Adek masih mengingat lekat hari itu. Hari yang kelam bagi semuanya. Pagi setelah Kakak pergi, Ibu bagaikan orang linglung, Ayah mengurung diri di kamar, Abang tak ingin lagi bicara sama Ibu dan Ayah. Adek sendiri, duduk di meja makan menunggu sarapan Ibu, namun rupanya sampai jam makan malam pun Ibu tetap terdiam, duduk dengan linglung berdoa siang ke malam, entah meminta hal besar apa sampai-sampai terkadang ia menangis kencang.

Ayah lebih ketat pengawasannya pada kami. Semua teman-teman dekat Abang diusir, Abang benar-benar hampir tak memiliki teman dekat.

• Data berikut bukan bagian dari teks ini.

text \<open>The value of \<open>\<sigma>\<^sub>0 \<sigma>\<^sub>1 \<sigma>\<^sub>2 \<dots>\<close> is \<open>T\<^bsub>\<sigma>\<^sub>0\<^esub>\<close> applied to the value of
  the shifted policy \<open>\<sigma>\<^sub>1 \<sigma>\<^sub>2 \<dots>\<close>: split off the first term of the series and
  exchange the remaining series with the finite sum defining \<open>P\<^bsub>\<sigma>\<^sub>0\<^esub>\<close>.\<close>
lemma v_ns_Bellman:
  fixes r :: "'s::finite \<Rightarrow> 'a::finite \<Rightarrow> real"
  assumes p_nonneg: "\<And>s a s'. p s a s' \<ge> 0" and p_sum: "\<And>s a. (\<Sum>s'\<in>UNIV. p s a s') = 1"
    and gamma: "0 \<le> \<gamma>" "\<gamma> < 1"
  shows "v_ns r p \<gamma> \<sigma> = T_pol r p \<gamma> (\<sigma> 0) (v_ns r p \<gamma> (\<lambda>i. \<sigma> (Suc i)))"
proof
  fix s
  note summable = v_ns_summable[OF p_nonneg p_sum gamma, where r=r]
  define \<sigma>' where "\<sigma>' = (\<lambda>i. \<sigma> (Suc i))"
  define f where "f = (\<lambda>t. \<gamma> ^ t * P_prod p \<sigma> t (r_pol r (\<sigma> t)) s)"
  define g where "g = (\<lambda>x t. p s (\<sigma> 0 s) x * (\<gamma> ^ t * P_prod p \<sigma>' t (r_pol r (\<sigma>' t)) x))"
  have g_summable: "summable (g x)" for x
    unfolding g_def by (intro summable_mult summable)
  have f_Suc: "f (Suc t) = \<gamma> * (\<Sum>x\<in>UNIV. g x t)" for t
    unfolding f_def g_def \<sigma>'_def by (simp add: P_pol_def sum_distrib_left algebra_simps)
  have "v_ns r p \<gamma> \<sigma> s = f 0 + (\<Sum>t. f (Suc t))"
    using suminf_split_head[OF summable[where \<sigma>=\<sigma> and s=s]] unfolding v_ns_def f_def by simp
  also have "(\<Sum>t. f (Suc t)) = \<gamma> * (\<Sum>t. \<Sum>x\<in>UNIV. g x t)"
    unfolding f_Suc by (intro suminf_mult summable_sum g_summable)
  also have "(\<Sum>t. \<Sum>x\<in>UNIV. g x t) = (\<Sum>x\<in>UNIV. \<Sum>t. g x t)"
    by (intro suminf_sum g_summable)
  also have "\<dots> = (\<Sum>x\<in>UNIV. p s (\<sigma> 0 s) x * v_ns r p \<gamma> \<sigma>' x)"
    unfolding g_def by (intro sum.cong refl, subst suminf_mult) (auto simp: v_ns_def summable)
  finally show "v_ns r p \<gamma> \<sigma> s = T_pol r p \<gamma> (\<sigma> 0) (v_ns r p \<gamma> \<sigma>') s"
    unfolding T_pol_def P_pol_def f_def by simp
qed

lemma perturbed_iteration_bound:
  assumes p_nonneg: "\<And>s a s'. p s a s' \<ge> 0" and p_sum: "\<And>s a. (\<Sum>s'\<in>UNIV. p s a s') = 1"
    and gamma: "0 \<le> \<gamma>" "\<gamma> < 1"
    and exact: "\<And>i. i \<le> n \<Longrightarrow> V (Suc i) = T_pol r p \<gamma> (\<rho> (Suc i)) (V i)"
    and perturbed: "\<And>i. i < n \<Longrightarrow>
          supnorm (\<lambda>s. u (Suc i) s - T_pol r p \<gamma> (\<rho> (Suc i)) (u i) s) \<le> E"
  shows "supnorm (\<lambda>s. T_pol r p \<gamma> (\<rho> (Suc n)) (u n) s - V (Suc n) s)
           \<le> \<gamma> ^ Suc n * supnorm (\<lambda>s. u 0 s - V 0 s) + (\<gamma> - \<gamma> ^ Suc n) / (1 - \<gamma>) * E"
  using exact perturbed
proof (induction n)
  case 0
  then show ?case
    using T_pol_contraction[OF p_nonneg p_sum gamma(1), where r=r and \<pi>="\<rho> 1" and a="u 0" and b="V 0"] by simp
next
  case (Suc n)
  define N where "N = supnorm (\<lambda>s. u 0 s - V 0 s)"
  define T where "T = T_pol r p \<gamma> (\<rho> (Suc (Suc n)))"
  have IH: "supnorm (\<lambda>s. T_pol r p \<gamma> (\<rho> (Suc n)) (u n) s - V (Suc n) s)
              \<le> \<gamma> ^ Suc n * N + (\<gamma> - \<gamma> ^ Suc n) / (1 - \<gamma>) * E"
    unfolding N_def using Suc by simp
  have "supnorm (\<lambda>s. T (u (Suc n)) s - V (Suc (Suc n)) s)
          \<le> \<gamma> * supnorm (\<lambda>s. u (Suc n) s - V (Suc n) s)"
    unfolding Suc.prems(1)[OF order.refl] T_def by (rule T_pol_contraction[OF p_nonneg p_sum gamma(1)])
  also have "\<dots> \<le> \<gamma> * (E + (\<gamma> ^ Suc n * N + (\<gamma> - \<gamma> ^ Suc n) / (1 - \<gamma>) * E))"
    using supnorm_triangle[where a="u (Suc n)" and b="T_pol r p \<gamma> (\<rho> (Suc n)) (u n)" and c="V (Suc n)"]
      Suc.prems(2)[of n] IH gamma(1)
    by (intro mult_left_mono) auto
  also have "\<dots> = \<gamma> ^ Suc (Suc n) * N + (\<gamma> - \<gamma> ^ Suc (Suc n)) / (1 - \<gamma>) * E"
    using gamma(2) by (simp add: field_simps)
  finally show ?case unfolding N_def T_def .
qed

lemma periodic_policy_Bellman:
  fixes r :: "'s::finite \<Rightarrow> 'a::finite \<Rightarrow> real"
  assumes p_nonneg: "\<And>s a s'. p s a s' \<ge> 0" and p_sum: "\<And>s a. (\<Sum>s'\<in>UNIV. p s a s') = 1"
    and gamma: "0 \<le> \<gamma>" "\<gamma> < 1"
    and i: "i < m" and m: "m \<le> k"
  shows "v_ns r p \<gamma> (\<lambda>t. \<pi> (k - (t + (m - Suc i)) mod m))
       = T_pol r p \<gamma> (\<pi> (k - m + Suc i)) (v_ns r p \<gamma> (\<lambda>t. \<pi> (k - (t + (m - i)) mod m)))"
proof -
  have first: "k - (m - Suc i) mod m = k - m + Suc i" using i m by simp
  have shift: "(\<lambda>t. \<pi> (k - (Suc t + (m - Suc i)) mod m)) = (\<lambda>t. \<pi> (k - (t + (m - i)) mod m))"
    using i by (simp add: Suc_diff_Suc)
  show ?thesis
    using v_ns_Bellman[OF p_nonneg p_sum gamma, where r=r and \<sigma>="\<lambda>t. \<pi> (k - (t + (m - Suc i)) mod m)"]
    unfolding shift by (simp add: first)
qed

Adek juga diantar jemput, tidak boleh keluar ketemu dengan teman, bahkan Adek sering dikeluarkan dari kelompok belajar karena jarang datang kerja kelompok. Hal ini bahkan berlangsung sampai Adek SMA.

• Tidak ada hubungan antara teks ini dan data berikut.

(* Let $I$ be a set, $P_i$ ($i\in I$) pastures, and $\bigotimes_{i\in I}P_i$ with $i_j:P_j\to\bigotimes_{i\in I}P_i$ as described in the context. If $P$ is a pasture and $f_i:P_i\to P$ is a morphism of pastures for each $i\in I$, then there exists a unique morphism $g:\bigotimes_{i\in I}P_i\to P$ such that $f_j=g\circ i_j$ for each $j\in I$.
   Context: A pasture is a multiplicative monoid $P$ with a zero element $0$ (absorbing) such that $P^\times=P\setminus\{0\}$ is an abelian group, together with an involution $x\mapsto -x$ fixing $0$, and a subset $N_P\subseteq P^3$ (write $a+b+c=0$ for $(a,b,c)\in N_P$) such that: (1) $N_P$ is invariant under permutations; (2) if $a+b+c=0$ then $da+db+dc=0$ for all $d\in P$; (3) $a+b+0=0$ iff $a=-b$. A morphism of pastures is a multiplicative map $f$ with $f(0)=0$, $f(1)=1$, $f(-a)=-f(a)$, preserving nullsets. The coproduct: let $\bigoplus_{i\in I}P_i^\times$ be the set of families $(x_i)_{i\in I}$ with $x_i\in P_i^\times$ and $x_i=1_i$ for all but finitely many $i$. Define $(x_i)\sim(y_i)$ iff there is a finite set of indices of even cardinality on which $x_i=-y_i$, with $x_i=y_i$ at all other indices. Set $\bigotimes_{i\in I}P_i=\{0\}\cup(\bigoplus_{i\in I}P_i^\times/\sim)$, classes written $[(x_i)_{i\in I}]$. Multiplication: $0$ absorbing, $[(x_i)][(y_i)]=[(x_iy_i)]$. Involution: $-0=0$ and $-[(x_i)]=[(y_i)]$ where $y_j=-x_j$ for one chosen index $j$ and $y_i=x_i$ for $i\neq j$. Nullset: for nonzero elements, $[(x_i)]+[(y_i)]+[(z_i)]=0$ iff there are representatives $(x_i'),(y_i'),(z_i')$ of these classes and an index $j$ with $x'_j+y'_j+z'_j=0$ in $P_j$ and $x'_i=y'_i=z'_i$ for all $i\neq j$; relations involving $0$ are the permutations of $u+v+0=0$ iff $u=-v$. This is a pasture. The maps: $i_j(0)=0$ and $i_j(x)=[(y_i)_{i\in I}]$ with $y_j=x$ and $y_i=1_i$ for $i\neq j$. *)

theory Defs
  imports Main
begin

record 'a pasture =
  pcar  :: "'a set"
  pmul  :: "'a \<Rightarrow> 'a \<Rightarrow> 'a"
  pzero :: 'a
  pone  :: 'a
  pneg  :: "'a \<Rightarrow> 'a"
  pnull :: "('a \<times> 'a \<times> 'a) set"

definition is_pasture :: "('a, 'b) pasture_scheme \<Rightarrow> bool" where
  "is_pasture P \<longleftrightarrow>
     pzero P \<in> pcar P \<and> pone P \<in> pcar P \<and> pzero P \<noteq> pone P \<and>
     (\<forall>x\<in>pcar P. \<forall>y\<in>pcar P. pmul P x y \<in> pcar P) \<and>
     (\<forall>x\<in>pcar P. \<forall>y\<in>pcar P. \<forall>z\<in>pcar P. pmul P (pmul P x y) z = pmul P x (pmul P y z)) \<and>
     (\<forall>x\<in>pcar P. \<forall>y\<in>pcar P. pmul P x y = pmul P y x) \<and>
     (\<forall>x\<in>pcar P. pmul P (pone P) x = x) \<and>
     (\<forall>x\<in>pcar P. pmul P (pzero P) x = pzero P) \<and>
     (\<forall>x\<in>pcar P. \<forall>y\<in>pcar P. x \<noteq> pzero P \<longrightarrow> y \<noteq> pzero P \<longrightarrow> pmul P x y \<noteq> pzero P) \<and>
     (\<forall>x\<in>pcar P. x \<noteq> pzero P \<longrightarrow> (\<exists>y\<in>pcar P. pmul P x y = pone P)) \<and>
     (\<forall>x\<in>pcar P. pneg P x \<in> pcar P \<and> pneg P (pneg P x) = x) \<and>
     pneg P (pzero P) = pzero P \<and>
     pnull P \<subseteq> pcar P \<times> pcar P \<times> pcar P \<and>
     (\<forall>a b c. (a, b, c) \<in> pnull P \<longrightarrow>
        (a, c, b) \<in> pnull P \<and> (b, a, c) \<in> pnull P \<and> (b, c, a) \<in> pnull P \<and>
        (c, a, b) \<in> pnull P \<and> (c, b, a) \<in> pnull P) \<and>
     (\<forall>a b c d. (a, b, c) \<in> pnull P \<longrightarrow> d \<in> pcar P \<longrightarrow>
        (pmul P d a, pmul P d b, pmul P d c) \<in> pnull P) \<and>
     (\<forall>a\<in>pcar P. \<forall>b\<in>pcar P. (a, b, pzero P) \<in> pnull P \<longleftrightarrow> a = pneg P b)"

definition pasture_morphism ::
  "('a, 'c) pasture_scheme \<Rightarrow> ('b, 'd) pasture_scheme \<Rightarrow> ('a \<Rightarrow> 'b) \<Rightarrow> bool" where
  "pasture_morphism P Q f \<longleftrightarrow>
     (\<forall>x\<in>pcar P. f x \<in> pcar Q) \<and>
     f (pzero P) = pzero Q \<and> f (pone P) = pone Q \<and>
     (\<forall>x\<in>pcar P. \<forall>y\<in>pcar P. f (pmul P x y) = pmul Q (f x) (f y)) \<and>
     (\<forall>x\<in>pcar P. f (pneg P x) = pneg Q (f x)) \<and>
     (\<forall>a b c. (a, b, c) \<in> pnull P \<longrightarrow> (f a, f b, f c) \<in> pnull Q)"

text \<open>Families are functions on the index type, restricted to I
  (value undefined outside I); elements of the coproduct are sets of families:
  the empty set is 0, and nonzero elements are the equivalence classes.\<close>

definition cp_fams :: "'i set \<Rightarrow> ('i \<Rightarrow> 'a pasture) \<Rightarrow> ('i \<Rightarrow> 'a) set" where
  "cp_fams I P = {x. (\<forall>i\<in>I. x i \<in> pcar (P i) \<and> x i \<noteq> pzero (P i)) \<and>
                     (\<forall>i. i \<notin> I \<longrightarrow> x i = undefined) \<and>
                     finite {i\<in>I. x i \<noteq> pone (P i)}}"

definition cp_rel :: "'i set \<Rightarrow> ('i \<Rightarrow> 'a pasture) \<Rightarrow> ('i \<Rightarrow> 'a) \<Rightarrow> ('i \<Rightarrow> 'a) \<Rightarrow> bool" where
  "cp_rel I P x y \<longleftrightarrow> x \<in> cp_fams I P \<and> y \<in> cp_fams I P \<and>
     (\<exists>S. S \<subseteq> I \<and> finite S \<and> even (card S) \<and>
          (\<forall>i\<in>S. x i = pneg (P i) (y i)) \<and> (\<forall>i\<in>I - S. x i = y i))"

definition cp_class :: "'i set \<Rightarrow> ('i \<Rightarrow> 'a pasture) \<Rightarrow> ('i \<Rightarrow> 'a) \<Rightarrow> ('i \<Rightarrow> 'a) set" where
  "cp_class I P x = {y. cp_rel I P x y}"

definition cp_car :: "'i set \<Rightarrow> ('i \<Rightarrow> 'a pasture) \<Rightarrow> ('i \<Rightarrow> 'a) set set" where
  "cp_car I P = insert {} (cp_class I P ` cp_fams I P)"

definition cp_mul :: "'i set \<Rightarrow> ('i \<Rightarrow> 'a pasture) \<Rightarrow>
    ('i \<Rightarrow> 'a) set \<Rightarrow> ('i \<Rightarrow> 'a) set \<Rightarrow> ('i \<Rightarrow> 'a) set" where
  "cp_mul I P X Y = (if X = {} \<or> Y = {} then {} else
     (let x = (SOME x. x \<in> X); y = (SOME y. y \<in> Y) in
      cp_class I P (\<lambda>i. if i \<in> I then pmul (P i) (x i) (y i) else undefined)))"

definition cp_one :: "'i set \<Rightarrow> ('i \<Rightarrow> 'a pasture) \<Rightarrow> ('i \<Rightarrow> 'a) set" where
  "cp_one I P = cp_class I P (\<lambda>i. if i \<in> I then pone (P i) else undefined)"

Setelah itu tak ada yang berubah. Semuanya tetap sama. Ayah dan Ibu masih bak kehilangan pijakan bumi. Abang masih begitu benci dengan keluarga ini. Dan Adek masih tak mengerti apa yang terjadi. Satu hal pasti yang adek tau; semua foto Kakak di rumah dicopot, piagam dan piala Kakak di keluarkan dari lemari kaca ruang tamu—'Kakak udah tidak ada lagi' kata Abang waktu Adek bertanya kenapa.

Dan saat itulah, dengan polosnya Adek berpikir, dengan polosnya Adek menangis, menangisi Kakak pertama Adek yang Adek pikir telah tiada, telah mati.

Sampai saat Adek SMP, saat Adek, Ibu, dan Ayah berkunjung ke rumah Oom. Itu pertama kalinya Ibu dan Ayah keluar rumah, mulai berani berinteraksi dengan keluarga. Namun mungkin di hari itu juga Adek mengerti kenapa Ibu dan Ayah sama sekali tak ingin keluar rumah. Daripada disambuh hangat, dijamukan teh, atau kue kering, Ibu dan Ayah malah disambut dengan cemoohan Oom dan Tante. Dimulai dari bahasan Abang yang tak kunjung mendapatkan kerja, hingga tibalah ke bahasan Kakak. Mereka mencemooh kakak, mengata-ngatain kakak dengan bahasa yang tak sopan. Adek pikir Kakak telah tiada, sungguh tak sopan berbicara tentang ornag yang tiada dengan cara begitu. Namun satu ucapan dari Oom nomor dua sudah cukup membuat Adek terbangun, Adek terbuka, Adek akhirnya tau segalanya.

Kakak tak sesuai keinginan mereka.

Hanya sampai di sanalah batas sabar Ibu dan Ayah berada. Mengucapkan permisi, mereka lalu pergi, menarik Adek untuk langsung pulang ke rumah—dan hanya sampai di batas itu juga ketidaktahuan Adek berada. Adek akhirnya tau, Kakak itu masih ada, namun Kakak dimatikan.

Jikalau Adek tau pun Kakak masih ada, tak ada hal yang bisa Adek lakukan. Adek kadang berharap, semoga suatu saat ada ojek yang datang ke depan rumah mengantar lelaki dengan senyum lebarnya, ada sebuah tas gunung besar bau yang tertonggok di depan kamar mandi, atau aneka macam kue-kue manis yang tersaji di atas meja—persis seperti saat Kakak pulang dari kuliah dulu. Namun semuanya hanya harapan, hanya angan Adek ketika lelah menuntut ilmu demi mengejar cita-cita Adek untuk menjadi pelukis di luar negeri.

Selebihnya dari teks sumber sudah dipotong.